■ **EXERCISE INSTRUCTIONS**:
Lines from the beginning of the data through the line containing "case (Suc k)" are to be copied exactly, with no other line included.

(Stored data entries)
text \<open>Each stop contributes the
  gain of halo_gain; otherwise the estimate is summed over the (all light) children.\<close>
lemma stop_set_estimate:
  assumes "s > 0" "\<not> heavy p s"
  shows "(1 + \<delta> / 2 ^ DIM('a)) * measure lebesgue (E \<inter> stop_set k p s) \<le> measure lebesgue (H \<inter> subbox p s)"
  using assms
proof (induction k arbitrary: p s)
  case (Suc k)
  let ?c = "\<delta> / 2 ^ DIM('a)"
  have s: "s > 0" and s2: "s/2 > 0" using Suc.prems by auto
  have ES_sets: "E \<inter> stop_set k q r \<in> sets lebesgue" if "r > 0" for k q r
    using stop_set_sets[OF that] E by blast
  show ?case
  proof (cases "\<exists>J\<in>Pow Basis. heavy (child p s J) (s/2)")
    case True
    then obtain J where J: "heavy (child p s J) (s/2)" by blast
    have HBf: "H \<inter> subbox p s \<inter> E \<in> fmeasurable lebesgue"
      using fmeasurable_Int_fmeasurable[OF H_Int_subbox_fmeasurable[OF s] E] .
    have "E \<inter> stop_set (Suc k) p s \<subseteq> H \<inter> subbox p s \<inter> E"
      using stop_set_subset[OF s, of "Suc k" p] by blast
    then have ES: "measure lebesgue (E \<inter> stop_set (Suc k) p s) \<le> measure lebesgue (H \<inter> subbox p s \<inter> E)"
      using ES_sets[OF s] HBf by (rule measure_mono_fmeasurable)
    have "measure lebesgue (H \<inter> subbox p s \<inter> E) \<le> measure lebesgue (subbox p s)"
      using HBf subbox_fmeasurable[OF s] by (intro measure_mono_fmeasurable) auto
    then have "?c * measure lebesgue (E \<inter> stop_set (Suc k) p s) \<le> ?c * measure lebesgue (subbox p s)"
      using ES \<delta> by (intro mult_left_mono) auto
    also have "\<dots> \<le> measure lebesgue (H \<inter> subbox p s - E)"
      using halo_gain[OF s Suc.prems(2) J] by simp
    finally show ?thesis
      using ES measure_Int_Diff_split[OF H_Int_subbox_fmeasurable[OF s] E] by (simp add: algebra_simps)
  next
    case False
    then have "stop_set (Suc k) p s = (\<Union>J\<in>Pow Basis. stop_set k (child p s J) (s/2))"
      by (auto simp: stop_set.simps)
    then have "measure lebesgue (E \<inter> stop_set (Suc k) p s)
        = measure lebesgue (\<Union>J\<in>Pow Basis. E \<inter> stop_set k (child p s J) (s/2))"
      by (simp only: Int_UN_distrib)
    also have "\<dots> \<le> (\<Sum>J\<in>Pow Basis. measure lebesgue (E \<inter> stop_set k (child p s J) (s/2)))"
      using ES_sets[OF s2] by (intro measure_UNION_le) auto
    finally have "(1 + ?c) * measure lebesgue (E \<inter> stop_set (Suc k) p s)
        \<le> (1 + ?c) * (\<Sum>J\<in>Pow Basis. measure lebesgue (E \<inter> stop_set k (child p s J) (s/2)))"
      using \<delta> by (intro mult_left_mono) auto
    also have "\<dots> = (\<Sum>J\<in>Pow Basis. (1 + ?c) * measure lebesgue (E \<inter> stop_set k (child p s J) (s/2)))"
      by (rule sum_distrib_left)
    also have "\<dots> \<le> (\<Sum>J\<in>Pow Basis. measure lebesgue (H \<inter> subbox (child p s J) (s/2)))"
    proof (rule sum_mono)
      fix J :: "'a set" assume "J \<in> Pow Basis"
      then have "\<not> heavy (child p s J) (s/2)" using False by blast
      then show "(1 + ?c) * measure lebesgue (E \<inter> stop_set k (child p s J) (s/2))
          \<le> measure lebesgue (H \<inter> subbox (child p s J) (s/2))"
        using Suc.IH[OF s2] by blast
    qed
    also have "\<dots> \<le> measure lebesgue (H \<inter> subbox p s)"
      using sum_children_measure_le[OF H_sets s] .
    finally show ?thesis .
  qed
qed simp

lemma heavy_of_average:
  assumes r: "r > 0"
    and avg: "\<bar>(\<integral>y. indicator (subbox q r) y * indicator E y \<partial>lebesgue) / measure lebesgue (subbox q r) - 1\<bar> < \<delta>"
  shows "heavy q r"
proof -
  have "(\<integral>y. indicator (subbox q r) y * indicator E y \<partial>lebesgue) = measure lebesgue (E \<inter> subbox q r)"
    by (simp add: indicator_inter_arith[symmetric] Int_commute)
  then have "1 - \<delta> < measure lebesgue (E \<inter> subbox q r) / measure lebesgue (subbox q r)"
    using avg by (simp add: abs_less_iff)
  then show ?thesis
    using measure_subbox_pos[OF r] unfolding heavy_def by (simp add: pos_less_divide_eq)
qed

text \<open>Density basis property: if the unit box is light, almost every point of E in it lies
  in a small heavy dyadic subbox, hence is caught by the stopping time.\<close>
lemma stop_set_covers_ae:
  assumes db: "density_basis B" and light: "\<not> heavy (\<lambda>_. 0) 1"
  shows "AE x in lebesgue. x \<in> E \<inter> unit_box \<longrightarrow> x \<in> (\<Union>k. stop_set k (\<lambda>_. 0) 1)"
proof -
  have "(indicator E :: 'a \<Rightarrow> real) \<in> borel_measurable lebesgue" using E by simp
  moreover have "\<exists>C. AE x in lebesgue. \<bar>(indicator E x :: real)\<bar> \<le> C"
    by (intro exI[of _ 1]) (auto simp: indicator_def)
  ultimately have "AE x in lebesgue. \<forall>e>0. \<exists>d>0. \<forall>R\<in>B. x \<in> R \<and> diameter R < d \<longrightarrow>
      \<bar>(\<integral>y. indicator R y * (indicator E y :: real) \<partial>lebesgue) / measure lebesgue R - indicator E x\<bar> < e"
    using db unfolding density_basis_def by blast
  then show ?thesis
    using AE_not_in[OF rational_coord_null]
  proof eventually_elim
    case (elim x)
    show ?case
    proof
      assume x: "x \<in> E \<inter> unit_box"
      obtain d where d: "d > 0" "\<forall>R\<in>B. x \<in> R \<and> diameter R < d \<longrightarrow>
        \<bar>(\<integral>y. indicator R y * (indicator E y :: real) \<partial>lebesgue) / measure lebesgue R - 1\<bar> < \<delta>"
        using elim(1) \<delta> x by force
      obtain k :: nat where k: "diameter unit_box / d < 2 ^ k"
        using real_arch_pow[of 2] by auto
      obtain q r where qr: "(q, r) \<in> dyadic_desc k (\<lambda>_. 0) 1" "x \<in> subbox q r"
        using dyadic_desc_cover[of x "\<lambda>_. 0" 1 k] x elim(2) by auto
      have r: "r = 1 / 2 ^ k" "r > 0" using dyadic_desc_side[OF qr(1)] by auto
      have "diameter (subbox q r) \<le> r * diameter unit_box"
        using diameter_subbox[OF r(2)] .
      also have "\<dots> < d"
        using k d(1) unfolding r(1) by (simp add: divide_less_eq mult.commute)
      finally have "heavy q r"
        using heavy_of_average[OF r(2)] d(2) subbox_in_B[OF r(2)] qr(2) by blast
      then show "x \<in> (\<Union>k. stop_set k (\<lambda>_. 0) 1)"
        using heavy_desc_in_stop_set[OF qr(1) _ qr(2) _ light] by auto
    qed
  qed
qed

text \<open>Key estimate: on a light box, (1 + \<delta>/2^n) |E \<inter> R| \<le> |H \<inter> R|.  Almost all of E \<inter> R is
  exhausted by the increasing stopping sets, to which stop_set_estimate applies.\<close>
lemma halo_density_gain:
  assumes db: "density_basis B" and light: "\<not> heavy (\<lambda>_. 0) 1"
  shows "(1 + \<delta> / 2 ^ DIM('a)) * measure lebesgue (E \<inter> unit_box) \<le> measure lebesgue (H \<inter> unit_box)"
proof -
  let ?c = "\<delta> / 2 ^ DIM('a)"
  define U where "U = (\<Union>k. E \<inter> stop_set k (\<lambda>_. 0) 1)"
  have sets: "E \<inter> stop_set k (\<lambda>_. 0) 1 \<in> sets lebesgue" for k
    using stop_set_sets[OF zero_less_one] E by blast
  have "U \<subseteq> unit_box" unfolding U_def using stop_set_subset[of 1] by auto
  moreover have "U \<in> sets lebesgue" unfolding U_def using sets by (intro sets.countable_UN) auto
  ultimately have Uf: "U \<in> fmeasurable lebesgue"
    by (intro fmeasurableI2[OF subbox_fmeasurable[of 1]]) auto
  have ERf: "E \<inter> unit_box \<in> fmeasurable lebesgue"
    using fmeasurable_Int_fmeasurable[OF subbox_fmeasurable[of 1] E] by (simp add: Int_commute)
  have "emeasure lebesgue (E \<inter> unit_box) \<le> emeasure lebesgue U"
    using stop_set_covers_ae[OF db light] Uf unfolding U_def
    by (intro emeasure_mono_AE) (auto dest: fmeasurableD)
  then have cover: "measure lebesgue (E \<inter> unit_box) \<le> measure lebesgue U"
    using ERf Uf by (simp add: emeasure_eq_measure2 ennreal_le_iff)
  have "(\<lambda>k. measure lebesgue (E \<inter> stop_set k (\<lambda>_. 0) 1)) \<longlonglongrightarrow> measure lebesgue U"
    unfolding U_def using sets fmeasurableD2[OF Uf] stop_set_incseq[of "\<lambda>_. 0" 1]
    by (intro Lim_measure_incseq) (auto simp: U_def incseq_def)
  then have "(\<lambda>k. (1 + ?c) * measure lebesgue (E \<inter> stop_set k (\<lambda>_. 0) 1)) \<longlonglongrightarrow> (1 + ?c) * measure lebesgue U"
    by (intro tendsto_mult_left)
  then have "(1 + ?c) * measure lebesgue U \<le> measure lebesgue (H \<inter> unit_box)"
    using stop_set_estimate[OF zero_less_one light] by (intro LIMSEQ_le_const2) auto
  moreover have "(1 + ?c) * measure lebesgue (E \<inter> unit_box) \<le> (1 + ?c) * measure lebesgue U"
    using cover \<delta> by (intro mult_left_mono) auto
  ultimately show ?thesis by linarith
qed

end

section \<open>The halo inclusion and the corollary\<close>

lemma obtain_rect_frame:
  fixes B :: "'a::euclidean_space set set"
  assumes "is_basis B" "homothecy_invariant B" "R \<in> B" "rect_parallelepiped R"
  obtains u a b where "rect_frame B u a b" "R = {x. \<forall>i\<in>Basis. a i < x \<bullet> u i \<and> x \<bullet> u i < b i}"
  using assms unfolding rect_parallelepiped_def rect_frame_def by auto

■ **RESPONSE BOX**:
text \<open>Each stop contributes the
  gain of halo_gain; otherwise the estimate is summed over the (all light) children.\<close>
lemma stop_set_estimate:
  assumes "s > 0" "\<not> heavy p s"
  shows "(1 + \<delta> / 2 ^ DIM('a)) * measure lebesgue (E \<inter> stop_set k p s) \<le> measure lebesgue (H \<inter> subbox p s)"
  using assms
proof (induction k arbitrary: p s)
  case (Suc k)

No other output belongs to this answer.